Dans cette torpeur, le père Adolph s’occupe de mener les troupes au pas, laissant planer au loin le spectre du bûcher et de l’excommunication destinés aux hérésiarques. C’est dans ce contexte que l’écrivain porte l’estocade à l’encontre des institutions religieuses aux exégèses tronquées. Comme chez Léon Bloy ou Voltaire, il s’agit chez Twain de dénoncer les dérives du sens commun, la faillite de cheminements hypothético-déductifs qui sont le sel de la transparence feinte comme de la spéculation. En somme, la prémisse d’une condamnation. Dans l’intimité des personnages, le lecteur assistera ainsi à la disgrâce spirituelle, puis à la déchéance physique de familles sous l’inflexion tyrannique du père Adolf. La débâcle des croyances s’opérera même à flanc de coteau, au sein du château abritant l’imprimerie dans laquelle travaille August. Un endroit situé au bord du précipice, qui cristallise le fossé abyssal opposant l’Eglise et le peuple – obsession d’une institution œuvrant de toutes ses forces afin d’éviter « une dispersion inconsidérée du savoir ». Mais le château va devenir lui-même le lieu d’événements miraculeux ou diaboliques. L’arrivée du « Numéro 44 » – ainsi que le jeune mendiant prétend s’appeler – déclenchera peu à peu l’hystérie des différents ouvriers et des habitants – tous au service du maître et de sa femme. Le moment, pour Twain, d’explorer la peinture morale et l’art du portrait balzacien. L’orgueil du nom, la représentation sociale et le ressassement des intérêts financiers – voilà autant de verrues sur le nez des personnages, sur lesquelles l’auteur aime à insister. Il usera pour cela des codes de la parole conteuse et des légendes. Car à partir des pouvoirs surnaturels du « Numéro 44 », le récit déploie autant de tiroirs à double-fonds, venant rappeler au lecteur l’infinie ramification inhérente au merveilleux.

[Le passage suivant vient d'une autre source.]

definition TPP_subgroup_capacity :: "('a, 'b) monoid_scheme \<Rightarrow> nat" where
  "TPP_subgroup_capacity G = Max {n * p * m | n p m. realizes_subgroups G n p m}"

end

theory Submission
  imports Defs "HOL-Algebra.Coset"
begin

text \<open>Realizing \<open>\<langle>n, p, m\<rangle>\<close> through subgroups is a special case of realizing it, and both
  maxima exist because the trivial subgroups realize \<open>\<langle>1, 1, 1\<rangle>\<close> and every \<open>|S\<^sub>i|\<close> is at most
  \<open>|G|\<close>; hence \<open>\<beta>\<^sub>g(G) \<le> \<beta>(G)\<close>.
  For the strict inequality take the dicyclic group \<open>Dic\<^sub>3\<close>, the semidirect product of \<open>C\<^sub>3\<close>
  by \<open>C\<^sub>4\<close> acting through inversion.
  Three explicit subsets realize \<open>\<langle>2, 2, 4\<rangle>\<close>, so \<open>\<beta>(Dic\<^sub>3) \<ge> 16\<close>. On the other hand the
  TPP forces \<open>|S\<^sub>i| |S\<^sub>j| \<le> |G|\<close> (the map \<open>(a, b) \<mapsto> a\<inverse>b\<close> is injective on \<open>S\<^sub>i \<times> S\<^sub>j\<close>), and three
  subgroups with the TPP intersect pairwise trivially. Every nontrivial subgroup of \<open>Dic\<^sub>3\<close> contains
  the unique involution or the unique subgroup of order 3, so one of the three subgroups is trivial
  and \<open>\<beta>\<^sub>g(Dic\<^sub>3) \<le> 12\<close>.\<close>

lemma quot_setI: "x \<in> S \<Longrightarrow> y \<in> S \<Longrightarrow> x \<otimes>\<^bsub>G\<^esub> inv\<^bsub>G\<^esub> y \<in> quot_set G S"
  unfolding quot_set_def by blast

lemma quot_set_eq_image: "quot_set G S = (\<lambda>(x, y). x \<otimes>\<^bsub>G\<^esub> inv\<^bsub>G\<^esub> y) ` (S \<times> S)"
  unfolding quot_set_def by auto

lemma (in group) one_in_quot_set: "x \<in> S \<Longrightarrow> S \<subseteq> carrier G \<Longrightarrow> \<one> \<in> quot_set G S"
  using quot_setI[of x S x G] by auto

lemma (in group) quot_set_subset_carrier: "S \<subseteq> carrier G \<Longrightarrow> quot_set G S \<subseteq> carrier G"
  unfolding quot_set_def by auto

lemma (in group) subgroup_subset_quot_set: "subgroup H G \<Longrightarrow> H \<subseteq> quot_set G H"
  using quot_setI[of _ H \<one> G] subgroup.one_closed subgroup.subset by fastforce

lemma (in group) TPP_pair_trivial:
  assumes "TPP G S1 S2 S3"
  shows "a \<in> quot_set G S1 \<Longrightarrow> b \<in> quot_set G S2 \<Longrightarrow> a \<otimes> b = \<one> \<Longrightarrow> a = \<one>"
    and "a \<in> quot_set G S1 \<Longrightarrow> b \<in> quot_set G S3 \<Longrightarrow> a \<otimes> b = \<one> \<Longrightarrow> a = \<one>"
    and "a \<in> quot_set G S2 \<Longrightarrow> b \<in> quot_set G S3 \<Longrightarrow> a \<otimes> b = \<one> \<Longrightarrow> a = \<one>"
proof -
  have sub: "S1 \<subseteq> carrier G" "S2 \<subseteq> carrier G" "S3 \<subseteq> carrier G"
    and ne: "S1 \<noteq> {}" "S2 \<noteq> {}" "S3 \<noteq> {}"
    and tpp: "\<forall>s1\<in>quot_set G S1. \<forall>s2\<in>quot_set G S2. \<forall>s3\<in>quot_set G S3.
        s1 \<otimes> s2 \<otimes> s3 = \<one> \<longleftrightarrow> s1 = \<one> \<and> s2 = \<one> \<and> s3 = \<one>"
    using assms unfolding TPP_def by auto
  have one: "\<one> \<in> quot_set G S1" "\<one> \<in> quot_set G S2" "\<one> \<in> quot_set G S3"
    using sub ne one_in_quot_set by blast+
  have trivial: "s1 = \<one> \<and> s2 = \<one> \<and> s3 = \<one>"
    if "s1 \<in> quot_set G S1" "s2 \<in> quot_set G S2" "s3 \<in> quot_set G S3" "s1 \<otimes> s2 \<otimes> s3 = \<one>"
    for s1 s2 s3
    using tpp that by blast
  have carrier: "a \<in> carrier G" if "a \<in> quot_set G S" "S \<subseteq> carrier G" for a S
    using that quot_set_subset_carrier by blast
  show "a = \<one>" if "a \<in> quot_set G S1" "b \<in> quot_set G S2" "a \<otimes> b = \<one>"
    using trivial[OF that(1,2) one(3)] that carrier[OF that(1) sub(1)] by simp
  show "a = \<one>" if "a \<in> quot_set G S1" "b \<in> quot_set G S3" "a \<otimes> b = \<one>"
    using trivial[OF that(1) one(2) that(2)] that carrier[OF that(1) sub(1)] by simp
  show "a = \<one>" if "a \<in> quot_set G S2" "b \<in> quot_set G S3" "a \<otimes> b = \<one>"
    using trivial[OF one(1) that(1,2)] that carrier[OF that(1) sub(2)] by simp
qed
(* Let $G'$ be a divisible design graph on $n$ vertices whose spectrum consists of $k$ with multiplicity $1$, $\sqrt{k}$ with multiplicity $m$, $-1$ with multiplicity $k$, and $-\sqrt{k}$ with multiplicity $m$, so that $n=2m+k+1$. If $n$ divides $k^2-1$, then $G'$ is an antipodal distance-regular graph of diameter $3$ with intersection numbers $a_1=c_2=(k^2-1)/n$.
   Context: All graphs are finite, simple and undirected; eigenvalues of a graph are those of its adjacency matrix. A Deza graph with parameters $(n,k,b,a)$, where $b\geqslant a$, is a $k$-regular graph on $n$ vertices, which is neither complete nor edgeless, such that any two distinct vertices have exactly $b$ or exactly $a$ common neighbours. If $b>a$, the children $G_A$ and $G_B$ of $G$ are the graphs on the vertex set of $G$ in which two distinct vertices are adjacent if and only if they have exactly $a$ (for $G_A$), respectively exactly $b$ (for $G_B$), common neighbours in $G$. A divisible design graph is a Deza graph whose two children are, in some order, a complete multipartite graph with at least two parts, all of the same size at least $2$, and its complement (a disjoint union of at least two cliques of equal size). A connected graph $G=(V,E)$ of diameter $d$ is distance-regular if there are numbers $a_i,b_i,c_i$ ($0\leqslant i\leqslant d$), its intersection numbers, such that for all $x,y\in V$ at distance $i$, the vertex $y$ has exactly $b_i$ neighbours at distance $i+1$ from $x$, $a_i$ neighbours at distance $i$ from $x$, and $c_i$ neighbours at distance $i-1$ from $x$. A distance-regular graph of diameter $d$ is antipodal if the graph on $V$ in which two vertices are adjacent iff they are at distance $d$ is a disjoint union of cliques. *)

theory Defs
  imports "Jordan_Normal_Form.Char_Poly" "HOL-Library.Disjoint_Sets"
begin
text \<open>Convergence locally in measure of a net, given as a family indexed along a filter
  (the filter of tails of a directed set).\<close>
definition conv_loc_measure ::
  "'a measure \<Rightarrow> 'i filter \<Rightarrow> ('i \<Rightarrow> 'a \<Rightarrow> real) \<Rightarrow> ('a \<Rightarrow> real) \<Rightarrow> bool" where
  "conv_loc_measure M F fs f \<longleftrightarrow>
     (\<forall>B\<in>sets M. emeasure M B < \<infinity> \<longrightarrow>
        (\<forall>\<epsilon>>0. ((\<lambda>i. emeasure M {t \<in> B. \<epsilon> \<le> \<bar>fs i t - f t\<bar>}) \<longlongrightarrow> 0) F))"

text \<open>Nets are represented
  by proper filters on the function space itself (identity family).\<close>
definition closed_loc_measure ::
  "'a measure \<Rightarrow> ('a \<Rightarrow> real) set \<Rightarrow> ('a \<Rightarrow> real) set \<Rightarrow> bool" where
  "closed_loc_measure M E A \<longleftrightarrow>
     (\<forall>(F :: ('a \<Rightarrow> real) filter) f. F \<noteq> bot \<and> eventually (\<lambda>g. g \<in> A) F \<and>
        conv_loc_measure M F (\<lambda>g. g) f \<and> f \<in> E \<longrightarrow> f \<in> A)"

end

theory Submission
  imports Defs
begin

C’est qu’il s’agit de voir les miracles s’opérer, les magiciens devenir les génies du lieu comme pour réactiver le thème de l’étranger. Un divin drôle à l’ingénuité démoniaque qui, pour solde de tout compte, léguera à la communauté de monstrueux épigones.
Que reste-t-il alors d’original, une fois l’humanité débarrassée de son orgueil patenté de démiurge tout-puissant ? Une question volontairement laissée en suspens, car si Twain vient à connaître la réponse, il sait mieux que quiconque la limite des archétypes.

Benoît Legemble

N°44 : Le Mystérieux étranger
Mark Twain
Traduit de l’anglais (Etats-Unis) et postfacé
par Bernard Hoepffner, 281 pages, 20

Contes de l’ici-bas
Le Matricule des Anges n°123 , mai 2011.